Both alerts mean one account/index is returning unusually many 4XX responses from the ecom API. The fixed-threshold alert pages when more than 25% of recent requests are 4XX with enough absolute volume. The anomaly alert pages when the 4XX rate is high relative to that account/index's recent baseline.

Triage

  1. Use the alert labels to identify label_system_account_id and label_index_name.
  2. Check the prod ecom API worker logs in Cloudflare: prod-ecom-api logs.
  3. Filter around the alert window and the affected index. Preserve a few failing requests, statuses, and response bodies before changing anything.
  4. Decide whether the failures are customer input or platform behavior:
    • Customer/input examples: missing API key, malformed body, missing required fields, invalid settings supplied by the customer.
    • Platform examples: API key lookup failures, bad settings exported to KV, validation bugs, alias/index routing bugs, or a deploy causing valid requests to be rejected.

Remediation

  • If the customer is sending invalid requests, confirm the pattern is persistent and ask the account manager to contact them with examples.
  • If settings or alias config is wrong, use Edit ecommerce index settings or the relevant controller/admin path.
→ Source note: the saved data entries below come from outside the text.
lemma jackson_gen_h_le:
  assumes boundary: "\<forall>i. x i = 0 \<longrightarrow> T i x \<le> \<delta> * h x" and "0 \<le> \<delta>"
  shows "jackson_gen lam mu P h x \<le> (m + \<delta> * (\<Sum>i\<in>UNIV. e i)) * h x"
proof -
  have "jackson_gen lam mu P h x
      = (\<Sum>i\<in>UNIV. T i x * c i) + (\<Sum>i\<in>UNIV. e i * (if x i = 0 then T i x else 0))"
    unfolding jackson_gen_h sum.distrib[symmetric] by (rule sum.cong) (simp_all add: algebra_simps)
  also have "\<dots> \<le> (\<Sum>i\<in>UNIV. T i x * m) + (\<Sum>i\<in>UNIV. e i * (\<delta> * h x))"
    using boundary T_pos c_le_m e_nonneg \<open>0 \<le> \<delta>\<close> h_pos[of x]
    by (intro add_mono sum_mono mult_left_mono) (auto intro: less_imp_le)
  also have "\<dots> = (m + \<delta> * (\<Sum>i\<in>UNIV. e i)) * h x"
    unfolding sum_distrib_right[symmetric] h_eq_sum_T[of x] by (simp add: algebra_simps)
  finally show ?thesis .
qed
Avoid direct DDB edits unless the approved path cannot work.
  • If Cloudflare KV is stale or wrong, follow Settings Sync, then re-export or wait for the exporter as appropriate.
  • If this started after a deploy, compare with the previous worker version and roll back or patch the bad deploy.

Validation

  • The same request shape should stop returning unexpected 4XX.
  • The alert should resolve after one or two evaluation windows.
  • Check whether the success-rate alert is also firing. A 4XX-only problem is not counted as failure by the success-rate alert, but the root cause can still degrade search/indexing behavior.